Century old motors were well built! And probably conservatively designed because electricity was new; they didn't know which corners you could safely cut.
In those days, everything mechanical was designed for easy maintenance; nuts, bolts, taper pins; simple tools to take the whole lot apart, adjust to take up wear, reassemble and use for another 10000 miles. Run out of parts? Turn another one to fit!
I had a 1910-era lathe still capable of turning within about 0.002" (traded it for a 1928 model!) and my 1840s watch is keeping very good time.
In an era of relatively cheap labour and expensive materials, this made sense. Who knows, we may end up back there some day!
Meantime it's worth studying how things from another era are made; partly to keep the skills alive and partly because good engineering is good engineering, from any era.
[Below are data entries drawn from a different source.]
lemma nst_step_eq:
  assumes "hd pth = (i, j)"
  shows "nst_step p b n truth pth =
    low_check p b truth i \<bind> (\<lambda>low_ok.
      if \<not> low_ok then return_pmf (tree_parent pth)
      else high_check p b n truth j \<bind> (\<lambda>high_ok.
        if \<not> high_ok then return_pmf (tree_parent pth) else descend p b truth i j pth))"
proof -
  define h where "h = nat \<lceil>real b / 2\<rceil>"
  have vote: "majority_vote p b truth k = map_pmf (\<lambda>c. h \<le> c) (ones_count p b truth k)" for k
    unfolding majority_vote_def h_def ..
  have high: "map_pmf (\<lambda>c. c < h) M = map_pmf Not (map_pmf (\<lambda>c. h \<le> c) M)" for M :: "nat pmf"
    by (simp add: pmf.map_comp o_def not_le)
  have mid: "M \<bind> (\<lambda>c. return_pmf (if c < h then A # t else B # t))
      = map_pmf (\<lambda>right. (if right then B else A) # t) (map_pmf (\<lambda>c. h \<le> c) M)"
    for M :: "nat pmf" and A B :: "nat \<times> nat" and t
    unfolding map_pmf_def bind_assoc_pmf bind_return_pmf by (intro bind_pmf_cong) auto
  show ?thesis
    unfolding nst_step_def Let_def assms fst_conv snd_conv nat_ceiling_midpoint
      tree_parent_def[symmetric] h_def[symmetric] low_check_def high_check_def descend_def
      vote high mid
    ..
qed

lemma measure_nst_step:
  fixes p :: real and b n :: nat and truth :: "nat \<Rightarrow> bool"
  assumes hd: "hd pth = (i, j)"
  defines "a \<equiv> pmf (low_check p b truth i) True" and "c \<equiv> pmf (high_check p b n truth j) True"
  shows "measure_pmf.prob (nst_step p b n truth pth) S
    = a * (c * measure_pmf.prob (descend p b truth i j pth) S
           + (1 - c) * indicator S (tree_parent pth))
      + (1 - a) * indicator S (tree_parent pth)"
  unfolding a_def c_def nst_step_eq[OF hd] by (simp add: measure_bind_pmf_bool)

lemma set_pmf_descend:
  "y \<in> set_pmf (descend p b truth i j pth) \<Longrightarrow> \<exists>v. tree_child (i, j) v \<and> y = v # pth"
  by (auto simp: descend_def tree_child_def split: if_splits)

lemma nst_step_tree_path:
  assumes "tree_path n pth" "y \<in> set_pmf (nst_step p b n truth pth)"
  shows "tree_path n y \<and> potential l y \<le> potential l pth + 1"
proof -
  obtain i j r where pth: "pth = (i, j) # r" using assms(1) by (cases pth) auto
  then have hd: "hd pth = (i, j)" by simp
  from assms(2) consider "y = tree_parent pth" | "y \<in> set_pmf (descend p b truth i j pth)"
    unfolding nst_step_eq[OF hd] by (auto simp: set_bind_pmf split: if_splits)
  then show ?thesis
  proof cases
    case 1
    then show ?thesis using assms(1) pth by (cases r) (auto simp: tree_parent_def)
  next
    case 2
    then obtain v where "tree_child (i, j) v" "y = v # pth" by (blast dest: set_pmf_descend)
    then show ?thesis using assms(1) pth by auto
  qed
qed

section \<open>Success probability\<close>

lemma le_two_power_ceiling_log: "1 \<le> n \<Longrightarrow> n \<le> 2 ^ nat \<lceil>log 2 (real n)\<rceil>"
proof -
  assume "1 \<le> n"
  then have "real n = 2 powr log 2 (real n)" by simp
  also have "\<dots> \<le> 2 powr real (nat \<lceil>log 2 (real n)\<rceil>)"
    using \<open>1 \<le> n\<close> by (intro powr_mono) auto
  finally show ?thesis by (simp add: powr_realpow)
qed

locale noisy_search =
  fixes p :: real and b n l :: nat and truth :: "nat \<Rightarrow> bool"
  assumes p_range: "0 \<le> p" "p \<le> 1"
    and l_range: "1 \<le> l" "l \<le> n"
    and truth_iff: "\<And>k. 1 \<le> k \<Longrightarrow> k < n \<Longrightarrow> truth k \<longleftrightarrow> k < l"
begin

lemma vote_correct: "1 \<le> k \<Longrightarrow> k < n \<Longrightarrow> 1 - maj_err p b \<le> pmf (majority_vote p b truth k) (k < l)"
  using majority_vote_correct[OF p_range, of b truth k] truth_iff by simp

lemma vote_wrong: "1 \<le> k \<Longrightarrow> k < n \<Longrightarrow> pmf (majority_vote p b truth k) (l \<le> k) \<le> maj_err p b"
  using vote_correct[of k] pmf_Not[of "majority_vote p b truth k" "k < l"] by (simp add: not_less)

lemma low_check_pass: "i < l \<Longrightarrow> i < n \<Longrightarrow> 1 - maj_err p b \<le> pmf (low_check p b truth i) True"
  using vote_correct[of i] maj_err_nonneg[OF p_range] by (auto simp: low_check_def)

lemma low_check_fail: "l \<le> i \<Longrightarrow> i < n \<Longrightarrow> pmf (low_check p b truth i) True \<le> maj_err p b"
  using vote_wrong[of i] l_range by (auto simp: low_check_def)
Just to clarify because this seems to have hit a nerve : I'm not simply equating long life with good engineering. What makes these motors good engineering is the skill with which they met their design goals using materials and techniques available at the time.
And long life was almost certainly one of them; reliability (not measured as MTTF but the ratio between MTTF and MTTR) i.e. easy repair, and efficiency. Swapping motors for a fix is not the issue; replacing brushes, re-lining bearings or (major job!) rewinding the motor was what happened - and what the motors were designed for. It's NOW we kinda-sorta-fix things by replacing motors.
We haven't improved THAT much on 92% efficiency in a motor in the last hundred years, but we do it with a lot less copper and iron. We can equally well admire a modern brushless motor with sealed bearings and no maintenance for ten years; they can both teach us something.